### Exercise
Could you set down exactly the lines in the records below between the line holding "b L (step_phi" and the line holding "step_psi_def by simp_all", inclusive?

(Available data)

text \<open>By the product rule \<open>G (x - q)\<close> takes at \<open>(c, y)\<close> the value of \<open>G\<close> at \<open>(c, D_c y - q y)\<close>.\<close>
lemma indep_roots_of_cofactor:
  assumes G: "degree_less m G" and \<gamma>: "finite \<gamma>" "right_indep (K c) \<gamma>"
    "\<forall>b\<in>\<gamma>. D_eval \<sigma> \<delta> (skew_mult \<sigma> \<delta> G (x_minus q)) c b = 0"
    and Z: "finite Z" "{y. D c y - q * y = 0} \<subseteq> right_span (K c) Z"
  shows "\<exists>C. finite C \<and> right_indep (K c) C \<and> (\<forall>y\<in>C. D_eval \<sigma> \<delta> G c y = 0) \<and> card \<gamma> \<le> card Z + card C"
proof -
  let ?L = "\<lambda>y. D c y - q * y"
  obtain C where C: "finite C" "right_indep (K c) C" "right_span (K c) C = right_span (K c) (?L ` \<gamma>)"
    "card \<gamma> \<le> card Z + card C"
    using rank_nullity_card_le[OF division_subring_Kcent right_linear_Dop_minus_mult \<gamma>(1,2) Z(1)] Z(2) by blast
  have "?L ` \<gamma> \<subseteq> {y. D_eval \<sigma> \<delta> G c y = 0}"
    using \<gamma>(3) unfolding D_eval_skew_mult[OF G degree_less_x_minus] D_eval_x_minus by blast
  then have "right_span (K c) C \<subseteq> {y. D_eval \<sigma> \<delta> G c y = 0}"
    unfolding C(3) by (rule right_span_minimal[OF right_subspace_kernel[OF right_linear_D_eval[OF G]]])
  then show ?thesis using C right_span_base[OF division_subring_Kcent] by blast
qed
lemma step_mono:
  assumes pq: "admissible_pair L p q" and pq': "admissible_pair L p' q'"
    and le: "\<And>s. s \<in> {0..L} \<Longrightarrow> p s \<le> p' s \<and> q' s \<le> q s" and x: "x \<in> {0..L}"
  shows "step_phi a k L p q x \<le> step_phi a k L p' q' x" "step_psi b k L p' q' x \<le> step_psi b k L p q x"
proof -
  have "shifted_reaction a (k\<^sup>2) (p s) (q s) \<le> shifted_reaction a (k\<^sup>2) (p' s) (q' s)"
    "shifted_reaction b (k\<^sup>2) (q' s) (p' s) \<le> shifted_reaction b (k\<^sup>2) (q s) (p s)" if "s \<in> {0..L}" for s
    using pq pq' le[OF that] that a b k
    by (auto simp: admissible_pair_def intro!: shifted_reaction_mono)
  then show "step_phi a k L p q x \<le> step_phi a k L p' q' x" "step_psi b k L p' q' x \<le> step_psi b k L p q x"
    unfolding step_phi_def step_psi_def using x
    by (auto intro!: green_op_mono k continuous_intros admissible_pairD(1,2)[OF pq] admissible_pairD(1,2)[OF pq'])
qed

lemma barrier_of_fixed_point:
  assumes pq: "admissible_pair L p q"
    and fixed: "\<And>x. x \<in> {0..L} \<Longrightarrow> p x = step_phi a k L p q x \<and> q x = step_psi b k L p q x"
    and s0: "s0 \<in> {0<..<L}" "0 < p s0"
  shows "barrier a b L (step_phi a k L p q) (step_psi b k L p q)"
proof (rule barrierI)
  define \<phi> \<psi> where "\<phi> = step_phi a k L p q" and "\<psi> = step_psi b k L p q"
  note rate = shifted_reaction_bounds_admissible[OF pq] and cont = continuous_on_step_rates[OF pq]
  show "continuous_on {0..L} \<phi>" "continuous_on {0..L} \<psi>"
    using admissible_pairD(1,2)[OF admissible_pair_step[OF pq]] unfolding \<phi>_def \<psi>_def .
  show "has_second_derivative_on \<phi> (\<lambda>x. k\<^sup>2 * \<phi> x - shifted_reaction a (k\<^sup>2) (p x) (q x)) {0<..<L}"
    "has_second_derivative_on \<psi> (\<lambda>x. k\<^sup>2 * \<psi> x - shifted_reaction b (k\<^sup>2) (q x) (p x)) {0<..<L}"
    unfolding \<phi>_def \<psi>_def using k(1)
    by (auto intro!: has_second_derivative_on_step_phi has_second_derivative_on_step_psi pq)
  show "- (k\<^sup>2 * \<phi> x - shifted_reaction a (k\<^sup>2) (p x) (q x)) = \<phi> x * (1 - \<phi> x - a * \<psi> x)"
    "- (k\<^sup>2 * \<psi> x - shifted_reaction b (k\<^sup>2) (q x) (p x)) = \<psi> x * (1 - b * \<phi> x - \<psi> x)"
    if "x \<in> {0<..<L}" for x
    using fixed[of x] that unfolding \<phi>_def \<psi>_def shifted_reaction_def by (auto simp: algebra_simps)
  show "\<phi> 0 = 0" "\<phi> L = 0" "\<psi> 0 = 1" "\<psi> L = 1"
    unfolding \<phi>_def \<psi>_def step_phi_def step_psi_def by simp_all
  show "0 < \<phi> x \<and> \<phi> x < 1 \<and> 0 < \<psi> x \<and> \<psi> x < 1" if x: "x \<in> {0<..<L}" for x
  proof -
    have x': "x \<in> {0..L}" and s0': "s0 \<in> {0..L}" using x s0(1) by auto
    have "0 < b * p s0" using b s0(2) by simp
    then have "0 < k\<^sup>2 - shifted_reaction b (k\<^sup>2) (q s0) (p s0)" using rate(4)[OF s0'] by linarith
    then have "0 < green_op k L (\<lambda>s. k\<^sup>2 - shifted_reaction b (k\<^sup>2) (q s) (p s)) x"
      using green_op_pos[OF k(1) cont(2) rate(5) s0(1) _ x] by simp
    moreover have "0 < green_op k L (\<lambda>s. shifted_reaction a (k\<^sup>2) (p s) (q s)) x"
      by (rule green_op_pos[OF k(1) cont(1) rate(1) s0(1) rate(3)[OF s0' s0(2)] x])
    moreover note green_op_less_one[OF k(1) L cont(1) rate(2) x'] green_op_less_one[OF k(1) L cont(2) rate(6) x']
    ultimately show ?thesis unfolding \<phi>_def \<psi>_def step_phi_def step_psi_def by simp
  qed
qed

(End Available data)

### Response to this task
  shows "barrier a b L (step_phi a k L p q) (step_psi b k L p q)"
proof (rule barrierI)
  define \<phi> \<psi> where "\<phi> = step_phi a k L p q" and "\<psi> = step_psi b k L p q"
  note rate = shifted_reaction_bounds_admissible[OF pq] and cont = continuous_on_step_rates[OF pq]
  show "continuous_on {0..L} \<phi>" "continuous_on {0..L} \<psi>"
    using admissible_pairD(1,2)[OF admissible_pair_step[OF pq]] unfolding \<phi>_def \<psi>_def .
  show "has_second_derivative_on \<phi> (\<lambda>x. k\<^sup>2 * \<phi> x - shifted_reaction a (k\<^sup>2) (p x) (q x)) {0<..<L}"
    "has_second_derivative_on \<psi> (\<lambda>x. k\<^sup>2 * \<psi> x - shifted_reaction b (k\<^sup>2) (q x) (p x)) {0<..<L}"
    unfolding \<phi>_def \<psi>_def using k(1)
    by (auto intro!: has_second_derivative_on_step_phi has_second_derivative_on_step_psi pq)
  show "- (k\<^sup>2 * \<phi> x - shifted_reaction a (k\<^sup>2) (p x) (q x)) = \<phi> x * (1 - \<phi> x - a * \<psi> x)"
    "- (k\<^sup>2 * \<psi> x - shifted_reaction b (k\<^sup>2) (q x) (p x)) = \<psi> x * (1 - b * \<phi> x - \<psi> x)"
    if "x \<in> {0<..<L}" for x
    using fixed[of x] that unfolding \<phi>_def \<psi>_def shifted_reaction_def by (auto simp: algebra_simps)
  show "\<phi> 0 = 0" "\<phi> L = 0" "\<psi> 0 = 1" "\<psi> L = 1"
    unfolding \<phi>_def \<psi>_def step_phi_def step_psi_def by simp_all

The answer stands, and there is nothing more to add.